- [TASK]:
The answer must consist of every record below, transcribed exactly.

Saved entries
(* There are universal constants $C,C'$ such that for all $A<n$ (with $n$ an integer) and all $\Lambda$ with $A\pm\Lambda$ integers, $|\Lambda|\le A-1$, \[ \Pr\bigl[BINGO(A+\Lambda,A-\Lambda;n,n)\bigr]\le\frac{C}{\sqrt{n-A}}e^{-\Lambda^2/(n-A)}, \] and, if moreover $\Lambda\neq0$, this is at most $\frac{C'}{|\Lambda|}e^{-\Lambda^2/(2(n-A))}$.
   Context: Fix $\alpha>1$. Consider the Markov chain on $\mathbb N\times\mathbb N$ which from state $(i,j)$ moves to $(i+1,j)$ with probability $i^\alpha/(i^\alpha+j^\alpha)$ and to $(i,j+1)$ with probability $j^\alpha/(i^\alpha+j^\alpha)$. For states $(a,b)$, $(c,d)$, $BINGO(a,b;c,d)$ denotes the event that this chain, started at state $(a,b)$, visits the state $(c,d)$. *)

theory Defs
  imports "HOL-Probability.Probability"
begin

definition urn_step :: "real \<Rightarrow> nat \<times> nat \<Rightarrow> (nat \<times> nat) pmf" where
  "urn_step \<alpha> s = (case s of (i, j) \<Rightarrow>
     map_pmf (\<lambda>b. if b then (i + 1, j) else (i, j + 1))
       (bernoulli_pmf (real i powr \<alpha> / (real i powr \<alpha> + real j powr \<alpha>))))"

fun urn_walk :: "real \<Rightarrow> nat \<Rightarrow> nat \<times> nat \<Rightarrow> (nat \<times> nat) list pmf" where
  "urn_walk \<alpha> 0 s = return_pmf [s]"
| "urn_walk \<alpha> (Suc N) s =
     bind_pmf (urn_step \<alpha> s) (\<lambda>t. map_pmf (\<lambda>xs. s # xs) (urn_walk \<alpha> N t))"

text \<open>Pr[BINGO(a,b;c,d)]: probability that the chain started at (a,b) ever visits (c,d),
 i.e. the limit (supremum) over N of the probability of visiting (c,d) within the
 first N steps (continuity of measure along the increasing events).\<close>
definition bingo_prob :: "real \<Rightarrow> nat \<Rightarrow> nat \<Rightarrow> nat \<Rightarrow> nat \<Rightarrow> real" where
  "bingo_prob \<alpha> a b c d =
     (SUP N. measure_pmf.prob (urn_walk \<alpha> N (a, b)) {xs. (c, d) \<in> set xs})"

end

theory Submission
  imports Defs
begin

- [SOLUTION FOR THIS EXERCISE]:
(* There are universal constants $C,C'$ such that for all $A<n$ (with $n$ an integer) and all $\Lambda$ with $A\pm\Lambda$ integers, $|\Lambda|\le A-1$, \[ \Pr\bigl[BINGO(A+\Lambda,A-\Lambda;n,n)\bigr]\le\frac{C}{\sqrt{n-A}}e^{-\Lambda^2/(n-A)}, \] and, if moreover $\Lambda\neq0$, this is at most $\frac{C'}{|\Lambda|}e^{-\Lambda^2/(2(n-A))}$.
   Context: Fix $\alpha>1$. Consider the Markov chain on $\mathbb N\times\mathbb N$ which from state $(i,j)$ moves to $(i+1,j)$ with probability $i^\alpha/(i^\alpha+j^\alpha)$ and to $(i,j+1)$ with probability $j^\alpha/(i^\alpha+j^\alpha)$. For states $(a,b)$, $(c,d)$, $BINGO(a,b;c,d)$ denotes the event that this chain, started at state $(a,b)$, visits the state $(c,d)$. *)

theory Defs
  imports "HOL-Probability.Probability"
begin

definition urn_step :: "real \<Rightarrow> nat \<times> nat \<Rightarrow> (nat \<times> nat) pmf" where
  "urn_step \<alpha> s = (case s of (i, j) \<Rightarrow>
     map_pmf (\<lambda>b. if b then (i + 1, j) else (i, j + 1))
       (bernoulli_pmf (real i powr \<alpha> / (real i powr \<alpha> + real j powr \<alpha>))))"

fun urn_walk :: "real \<Rightarrow> nat \<Rightarrow> nat \<times> nat \<Rightarrow> (nat \<times> nat) list pmf" where
  "urn_walk \<alpha> 0 s = return_pmf [s]"
| "urn_walk \<alpha> (Suc N) s =
     bind_pmf (urn_step \<alpha> s) (\<lambda>t. map_pmf (\<lambda>xs. s # xs) (urn_walk \<alpha> N t))"

text \<open>Pr[BINGO(a,b;c,d)]: probability that the chain started at (a,b) ever visits (c,d),
 i.e. the limit (supremum) over N of the probability of visiting (c,d) within the
 first N steps (continuity of measure along the increasing events).\<close>
definition bingo_prob :: "real \<Rightarrow> nat \<Rightarrow> nat \<Rightarrow> nat \<Rightarrow> nat \<Rightarrow> real" where
  "bingo_prob \<alpha> a b c d =
     (SUP N. measure_pmf.prob (urn_walk \<alpha> N (a, b)) {xs. (c, d) \<in> set xs})"

end

theory Submission
  imports Defs
begin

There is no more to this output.